EXTRA! EXTRA! Read All About It! Hollywood Remakes the Classics
To remake classic movies or not to remake classic movies? That is the question. Well, at least that’s the question in Hollywood.
For instance, the remake of the 1984 classic, “Footloose,” just hit theaters. In August, the 1985 horror comedy, “Fright Night” was remade. While in theaters, the film grossed nearly $37 million worldwide as of October 9. However, the film only grossed over $18 million in the United States, while the original film grossed nearly $25 million in the country. Recently, Lionsgate Entertainment announced they would remake the 1980s hit, “Dirty Dancing.”
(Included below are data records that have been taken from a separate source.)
lemma (in real_distribution) distr_uminus_eq_if_symmetric_cdf:
  assumes cont: "\<And>x. isCont (cdf M) x" and sym: "\<And>x. cdf M (- x) = 1 - cdf M x"
  shows "distr M borel uminus = M"
proof (rule cdf_unique)
  show "real_distribution (distr M borel uminus)" by simp
  show "cdf (distr M borel uminus) = cdf M"
  proof
    fix x
    have "cdf (distr M borel uminus) x = measure M (space M - {..< -x})"
      unfolding cdf_def by (subst measure_distr) (auto intro!: arg_cong[where f="measure M"])
    also have "\<dots> = 1 - measure M {..< -x}"
      by (rule prob_compl) simp
    also have "\<dots> = 1 - cdf M (- x)"
      by (simp add: measure_lessThan_eq_cdf cont)
    finally show "cdf (distr M borel uminus) x = cdf M x" by (simp add: sym)
  qed
qed (rule real_distribution_axioms)

lemma integral_odd_eq_0:
  fixes g :: "real \<Rightarrow> real"
  assumes M: "distr M borel uminus = M" and g: "g \<in> borel_measurable borel"
    and odd: "\<And>x. g (- x) = - g x"
  shows "integral\<^sup>L M g = 0"
proof -
  have "sets M = sets borel" by (metis M sets_distr)
  then have uminus: "uminus \<in> borel_measurable M"
    by (simp add: measurable_cong_sets[of M borel borel borel])
  have "integral\<^sup>L M g = integral\<^sup>L (distr M borel uminus) g" by (simp only: M)
  also have "\<dots> = integral\<^sup>L M (\<lambda>x. g (- x))" by (rule integral_distr[OF uminus g])
  finally show ?thesis by (simp add: odd)
qed

lemma set_integral_affine_symmetric:
  fixes M :: "real measure"
  assumes "finite_measure M" and M: "distr M borel uminus = M"
  shows "(LINT x:{-c..c}|M. a + b * x) = measure M {-c..c} * a"
proof -
  have sets: "sets M = sets borel" by (metis M sets_distr)
  then have meas: "borel_measurable M = borel_measurable borel"
    by (rule measurable_cong_sets) simp
  have int_id: "set_integrable M {-c..c} (\<lambda>x. x)"
    unfolding set_integrable_def
    by (rule finite_measure.integrable_const_bound[OF assms(1), where B="\<bar>c\<bar>"])
      (auto simp: indicator_def meas)
  have int_const: "set_integrable M {-c..c} (\<lambda>x. a)"
    unfolding set_integrable_def
    by (rule finite_measure.integrable_const_bound[OF assms(1), where B="\<bar>a\<bar>"])
      (auto simp: indicator_def meas)
  have "(LINT x:{-c..c}|M. x) = 0"
    unfolding set_lebesgue_integral_def
    by (rule integral_odd_eq_0[OF M]) (auto simp: indicator_def)
  moreover have "(LINT x:{-c..c}|M. a + b * x) = (LINT x:{-c..c}|M. a) + b * (LINT x:{-c..c}|M. x)"
    using set_integral_add(2)[OF int_const set_integrable_mult_right[OF int_id]] by simp
  moreover have "(LINT x:{-c..c}|M. a) = measure M {-c..c} * a"
    using finite_measure.emeasure_finite[OF assms(1)] by (simp add: set_integral_const sets)
  ultimately show ?thesis by simp
qed

lemma set_integral_affine_type_cdf:
  assumes cdf: "type_cdf F" and sym: "\<forall>i. F (- i) = 1 - F i"
  shows "(LINT i:{-1/2..1/2}|interval_measure F. a + b * i) = a"
proof -
  interpret real_distribution "interval_measure F"
    using cdf by (rule real_distribution_interval_measure_type_cdf)
  have "distr (interval_measure F) borel uminus = interval_measure F"
    using cdf sym by (intro distr_uminus_eq_if_symmetric_cdf)
      (simp_all add: cdf_interval_measure_type_cdf type_cdf_isCont)
  from set_integral_affine_symmetric[OF finite_measure_axioms this, of "1/2"] show ?thesis
    using measure_interval_measure_type_cdf[OF cdf] by simp
qed

lemma phi1_eq_phi2_if_symmetric:
  assumes "\<forall>i. F (- i) = 1 - F i"
  shows "phi1 F R = phi2 F R"
  using assms[rule_format, of "R - 1/2"] by (simp add: phi1_def phi2_def)

lemma bayes_plausibility:
  assumes "piB F qH q1 q2 R \<noteq> 0" and "piD F qH q1 q2 R \<noteq> 0"
  shows "piB F qH q1 q2 R * UB F qH q1 q2 R i + piD F qH q1 q2 R * UD F qH q1 q2 R i
    = U0 qH q1 q2 i"
  using assms
  by (simp add: UB_def UD_def U0_def pBH_def pB1_def pB2_def pDH_def pD1_def pD2_def
      field_simps)

lemma UB_minus_U0_affine:
  "UB F qH q1 q2 R i - U0 qH q1 q2 i
     = DeltaOB F qH q1 q2 R + i * ((pB1 F qH q1 q2 R - q1) - (pB2 F qH q1 q2 R - q2))"
  by (simp add: UB_def U0_def DeltaOB_def field_simps)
Why do film execs remake movies instead of filming a new story? In an interview with the Huntington Post, Mike Fleming, the film editor of Deadline, said “The point behind remakes is that we [the audience] already know the name, which is half the battle.” He also mentions “Studios are fixated on the idea of pre-sold or recognizable brands because it is easier to earn a buck.”
I asked 10 Illinois residents, “What is your opinion of Hollywood remaking classic films?”
The majority of people didn’t like remakes.
“I believe by remaking movies shows the lack of ideas the creative industry has,” said retired Oak Lawn resident, John Alkofer. “It seems like they ran into a brick wall.”
“When they remake movies, Hollywood just switches everything around and the actors try to impersonate what the previous actor did, which gets distracting,” said student Michael Short, 21.
“I am a fan of originals,” said Neil Kazragis, an Oak Lawn maintenance worker. “To me, that is how I remember the films and I don’t want to see them differently.
Another Oak Lawn resident, Mary Canchola, 49, said, “I don’t want to see a movie that I grew up with as a kid changed. It takes away the memories that I had with the films.”
“When you take a classic and remake it, it can turn out horribly or successful based on the production staff behind the story, said Loyola University Chicago student, Ashley Perkins. “It depends if the story can fit into today’s world with the new generation.”